━━━━━ DATASET RECORDS ━━━━━
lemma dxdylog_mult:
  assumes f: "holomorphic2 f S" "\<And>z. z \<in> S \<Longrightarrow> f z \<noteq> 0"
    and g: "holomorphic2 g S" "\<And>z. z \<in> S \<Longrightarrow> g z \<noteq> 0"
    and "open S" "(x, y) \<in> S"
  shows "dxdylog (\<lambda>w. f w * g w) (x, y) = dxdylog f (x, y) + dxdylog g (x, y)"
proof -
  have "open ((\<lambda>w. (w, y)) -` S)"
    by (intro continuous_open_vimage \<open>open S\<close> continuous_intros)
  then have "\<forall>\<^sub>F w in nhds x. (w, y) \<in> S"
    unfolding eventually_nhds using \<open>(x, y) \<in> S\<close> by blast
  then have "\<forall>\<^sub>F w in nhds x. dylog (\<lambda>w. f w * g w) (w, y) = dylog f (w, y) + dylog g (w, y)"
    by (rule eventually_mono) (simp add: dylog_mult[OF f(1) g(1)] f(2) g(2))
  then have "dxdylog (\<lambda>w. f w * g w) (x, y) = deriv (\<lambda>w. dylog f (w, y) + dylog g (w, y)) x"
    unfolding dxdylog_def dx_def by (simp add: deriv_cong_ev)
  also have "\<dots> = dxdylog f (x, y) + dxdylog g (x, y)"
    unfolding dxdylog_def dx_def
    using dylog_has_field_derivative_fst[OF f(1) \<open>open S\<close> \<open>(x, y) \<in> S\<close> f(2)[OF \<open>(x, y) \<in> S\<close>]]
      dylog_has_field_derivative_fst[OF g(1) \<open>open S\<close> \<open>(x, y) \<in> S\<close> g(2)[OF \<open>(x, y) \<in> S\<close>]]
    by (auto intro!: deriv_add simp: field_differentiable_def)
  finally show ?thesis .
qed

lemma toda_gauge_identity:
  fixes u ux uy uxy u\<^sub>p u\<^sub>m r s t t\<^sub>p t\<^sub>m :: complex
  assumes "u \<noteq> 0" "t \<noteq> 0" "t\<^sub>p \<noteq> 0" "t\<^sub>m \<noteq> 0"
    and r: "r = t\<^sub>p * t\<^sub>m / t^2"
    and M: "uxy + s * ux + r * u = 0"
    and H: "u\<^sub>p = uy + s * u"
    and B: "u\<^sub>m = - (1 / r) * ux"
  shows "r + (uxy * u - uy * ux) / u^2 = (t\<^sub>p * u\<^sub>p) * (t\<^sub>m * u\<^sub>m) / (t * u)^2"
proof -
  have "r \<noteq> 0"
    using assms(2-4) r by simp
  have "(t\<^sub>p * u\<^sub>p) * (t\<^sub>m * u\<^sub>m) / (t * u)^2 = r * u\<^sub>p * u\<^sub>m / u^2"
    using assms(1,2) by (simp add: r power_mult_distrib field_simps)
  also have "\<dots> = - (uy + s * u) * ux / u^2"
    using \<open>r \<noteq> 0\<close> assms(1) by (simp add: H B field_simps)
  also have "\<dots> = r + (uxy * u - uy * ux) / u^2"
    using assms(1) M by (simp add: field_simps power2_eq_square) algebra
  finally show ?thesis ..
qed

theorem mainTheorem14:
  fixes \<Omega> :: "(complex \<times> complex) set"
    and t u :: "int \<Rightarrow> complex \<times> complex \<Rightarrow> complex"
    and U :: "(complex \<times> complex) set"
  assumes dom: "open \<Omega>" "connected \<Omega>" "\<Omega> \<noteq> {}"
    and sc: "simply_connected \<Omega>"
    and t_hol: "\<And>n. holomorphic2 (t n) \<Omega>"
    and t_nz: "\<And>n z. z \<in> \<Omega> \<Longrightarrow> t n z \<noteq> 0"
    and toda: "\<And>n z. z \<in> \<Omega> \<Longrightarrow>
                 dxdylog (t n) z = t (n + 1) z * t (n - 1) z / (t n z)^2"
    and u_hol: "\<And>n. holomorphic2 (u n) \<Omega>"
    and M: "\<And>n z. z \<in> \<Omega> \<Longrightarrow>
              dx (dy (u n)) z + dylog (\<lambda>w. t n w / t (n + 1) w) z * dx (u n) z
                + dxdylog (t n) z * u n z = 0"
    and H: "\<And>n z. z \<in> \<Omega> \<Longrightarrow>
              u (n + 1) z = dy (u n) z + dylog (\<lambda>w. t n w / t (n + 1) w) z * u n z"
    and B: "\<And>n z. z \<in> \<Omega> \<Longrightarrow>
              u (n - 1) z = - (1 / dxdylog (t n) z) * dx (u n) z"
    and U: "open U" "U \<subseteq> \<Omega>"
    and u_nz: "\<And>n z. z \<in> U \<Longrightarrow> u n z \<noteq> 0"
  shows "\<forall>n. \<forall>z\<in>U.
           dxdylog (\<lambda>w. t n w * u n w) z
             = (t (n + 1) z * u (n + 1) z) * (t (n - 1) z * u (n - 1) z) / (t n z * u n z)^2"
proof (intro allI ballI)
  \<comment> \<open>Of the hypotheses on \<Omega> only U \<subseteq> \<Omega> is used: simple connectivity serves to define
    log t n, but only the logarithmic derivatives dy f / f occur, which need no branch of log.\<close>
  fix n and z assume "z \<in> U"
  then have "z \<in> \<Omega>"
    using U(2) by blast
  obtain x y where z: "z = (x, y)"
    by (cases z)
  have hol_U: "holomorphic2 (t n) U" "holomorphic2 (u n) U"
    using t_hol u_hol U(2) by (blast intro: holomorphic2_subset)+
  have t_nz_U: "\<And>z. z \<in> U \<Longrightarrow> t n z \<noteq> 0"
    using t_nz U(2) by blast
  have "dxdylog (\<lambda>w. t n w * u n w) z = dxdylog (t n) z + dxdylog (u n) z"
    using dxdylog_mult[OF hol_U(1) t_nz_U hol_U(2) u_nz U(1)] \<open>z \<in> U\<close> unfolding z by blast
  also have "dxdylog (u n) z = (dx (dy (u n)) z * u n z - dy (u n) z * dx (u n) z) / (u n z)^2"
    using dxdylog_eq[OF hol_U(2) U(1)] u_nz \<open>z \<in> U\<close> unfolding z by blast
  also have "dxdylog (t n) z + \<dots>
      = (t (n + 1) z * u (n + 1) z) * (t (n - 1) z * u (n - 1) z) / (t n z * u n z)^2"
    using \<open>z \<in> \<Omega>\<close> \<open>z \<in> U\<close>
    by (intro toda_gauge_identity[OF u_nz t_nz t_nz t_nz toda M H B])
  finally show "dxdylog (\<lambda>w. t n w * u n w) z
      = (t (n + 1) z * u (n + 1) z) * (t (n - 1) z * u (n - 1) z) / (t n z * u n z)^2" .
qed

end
━━━━━
**WHAT IS EXPECTED**
Beginning with the first line, transcribe the complete listing exactly.

**WRITTEN ANSWER**
lemma dxdylog_mult:
  assumes f: "holomorphic2 f S" "\<And>z. z \<in> S \<Longrightarrow> f z \<noteq> 0"
    and g: "holomorphic2 g S" "\<And>z. z \<in> S \<Longrightarrow> g z \<noteq> 0"
    and "open S" "(x, y) \<in> S"
  shows "dxdylog (\<lambda>w. f w * g w) (x, y) = dxdylog f (x, y) + dxdylog g (x, y)"
proof -
  have "open ((\<lambda>w. (w, y)) -` S)"
    by (intro continuous_open_vimage \<open>open S\<close> continuous_intros)
  then have "\<forall>\<^sub>F w in nhds x. (w, y) \<in> S"
    unfolding eventually_nhds using \<open>(x, y) \<in> S\<close> by blast
  then have "\<forall>\<^sub>F w in nhds x. dylog (\<lambda>w. f w * g w) (w, y) = dylog f (w, y) + dylog g (w, y)"
    by (rule eventually_mono) (simp add: dylog_mult[OF f(1) g(1)] f(2) g(2))
  then have "dxdylog (\<lambda>w. f w * g w) (x, y) = deriv (\<lambda>w. dylog f (w, y) + dylog g (w, y)) x"
    unfolding dxdylog_def dx_def by (simp add: deriv_cong_ev)
  also have "\<dots> = dxdylog f (x, y) + dxdylog g (x, y)"
    unfolding dxdylog_def dx_def
    using dylog_has_field_derivative_fst[OF f(1) \<open>open S\<close> \<open>(x, y) \<in> S\<close> f(2)[OF \<open>(x, y) \<in> S\<close>]]
      dylog_has_field_derivative_fst[OF g(1) \<open>open S\<close> \<open>(x, y) \<in> S\<close> g(2)[OF \<open>(x, y) \<in> S\<close>]]
    by (auto intro!: deriv_add simp: field_differentiable_def)
  finally show ?thesis .
qed

lemma toda_gauge_identity:
  fixes u ux uy uxy u\<^sub>p u\<^sub>m r s t t\<^sub>p t\<^sub>m :: complex
  assumes "u \<noteq> 0" "t \<noteq> 0" "t\<^sub>p \<noteq> 0" "t\<^sub>m \<noteq> 0"
    and r: "r = t\<^sub>p * t\<^sub>m / t^2"
    and M: "uxy + s * ux + r * u = 0"
    and H: "u\<^sub>p = uy + s * u"
    and B: "u\<^sub>m = - (1 / r) * ux"
  shows "r + (uxy * u - uy * ux) / u^2 = (t\<^sub>p * u\<^sub>p) * (t\<^sub>m * u\<^sub>m) / (t * u)^2"
proof -
  have "r \<noteq> 0"
    using assms(2-4) r by simp
  have "(t\<^sub>p * u\<^sub>p) * (t\<^sub>m * u\<^sub>m) / (t * u)^2 = r * u\<^sub>p * u\<^sub>m / u^2"
    using assms(1,2) by (simp add: r power_mult_distrib field_simps)
  also have "\<dots> = - (uy + s * u) * ux / u^2"
    using \<open>r \<noteq> 0\<close> assms(1) by (simp add: H B field_simps)
  also have "\<dots> = r + (uxy * u - uy * ux) / u^2"
    using assms(1) M by (simp add: field_simps power2_eq_square) algebra
  finally show ?thesis ..
qed

theorem mainTheorem14:
  fixes \<Omega> :: "(complex \<times> complex) set"
    and t u :: "int \<Rightarrow> complex \<times> complex \<Rightarrow> complex"
    and U :: "(complex \<times> complex) set"
  assumes dom: "open \<Omega>" "connected \<Omega>" "\<Omega> \<noteq> {}"
    and sc: "simply_connected \<Omega>"
    and t_hol: "\<And>n. holomorphic2 (t n) \<Omega>"
    and t_nz: "\<And>n z. z \<in> \<Omega> \<Longrightarrow> t n z \<noteq> 0"
    and toda: "\<And>n z. z \<in> \<Omega> \<Longrightarrow>
                 dxdylog (t n) z = t (n + 1) z * t (n - 1) z / (t n z)^2"
    and u_hol: "\<And>n. holomorphic2 (u n) \<Omega>"
    and M: "\<And>n z. z \<in> \<Omega> \<Longrightarrow>
              dx (dy (u n)) z + dylog (\<lambda>w. t n w / t (n + 1) w) z * dx (u n) z
                + dxdylog (t n) z * u n z = 0"
    and H: "\<And>n z. z \<in> \<Omega> \<Longrightarrow>
              u (n + 1) z = dy (u n) z + dylog (\<lambda>w. t n w / t (n + 1) w) z * u n z"
    and B: "\<And>n z. z \<in> \<Omega> \<Longrightarrow>
              u (n - 1) z = - (1 / dxdylog (t n) z) * dx (u n) z"
    and U: "open U" "U \<subseteq> \<Omega>"
    and u_nz: "\<And>n z. z \<in> U \<Longrightarrow> u n z \<noteq> 0"
  shows "\<forall>n. \<forall>z\<in>U.
           dxdylog (\<lambda>w. t n w * u n w) z
             = (t (n + 1) z * u (n + 1) z) * (t (n - 1) z * u (n - 1) z) / (t n z * u n z)^2"
proof (intro allI ballI)
  \<comment> \<open>Of the hypotheses on \<Omega> only U \<subseteq> \<Omega> is used: simple connectivity serves to define
    log t n, but only the logarithmic derivatives dy f / f occur, which need no branch of log.\<close>
  fix n and z assume "z \<in> U"
  then have "z \<in> \<Omega>"
    using U(2) by blast
  obtain x y where z: "z = (x, y)"
    by (cases z)
  have hol_U: "holomorphic2 (t n) U" "holomorphic2 (u n) U"
    using t_hol u_hol U(2) by (blast intro: holomorphic2_subset)+
  have t_nz_U: "\<And>z. z \<in> U \<Longrightarrow> t n z \<noteq> 0"
    using t_nz U(2) by blast
  have "dxdylog (\<lambda>w. t n w * u n w) z = dxdylog (t n) z + dxdylog (u n) z"
    using dxdylog_mult[OF hol_U(1) t_nz_U hol_U(2) u_nz U(1)] \<open>z \<in> U\<close> unfolding z by blast
  also have "dxdylog (u n) z = (dx (dy (u n)) z * u n z - dy (u n) z * dx (u n) z) / (u n z)^2"
    using dxdylog_eq[OF hol_U(2) U(1)] u_nz \<open>z \<in> U\<close> unfolding z by blast
  also have "dxdylog (t n) z + \<dots>
      = (t (n + 1) z * u (n + 1) z) * (t (n - 1) z * u (n - 1) z) / (t n z * u n z)^2"
    using \<open>z \<in> \<Omega>\<close> \<open>z \<in> U\<close>
    by (intro toda_gauge_identity[OF u_nz t_nz t_nz t_nz toda M H B])
  finally show "dxdylog (\<lambda>w. t n w * u n w) z
      = (t (n + 1) z * u (n + 1) z) * (t (n - 1) z * u (n - 1) z) / (t n z * u n z)^2" .
qed

end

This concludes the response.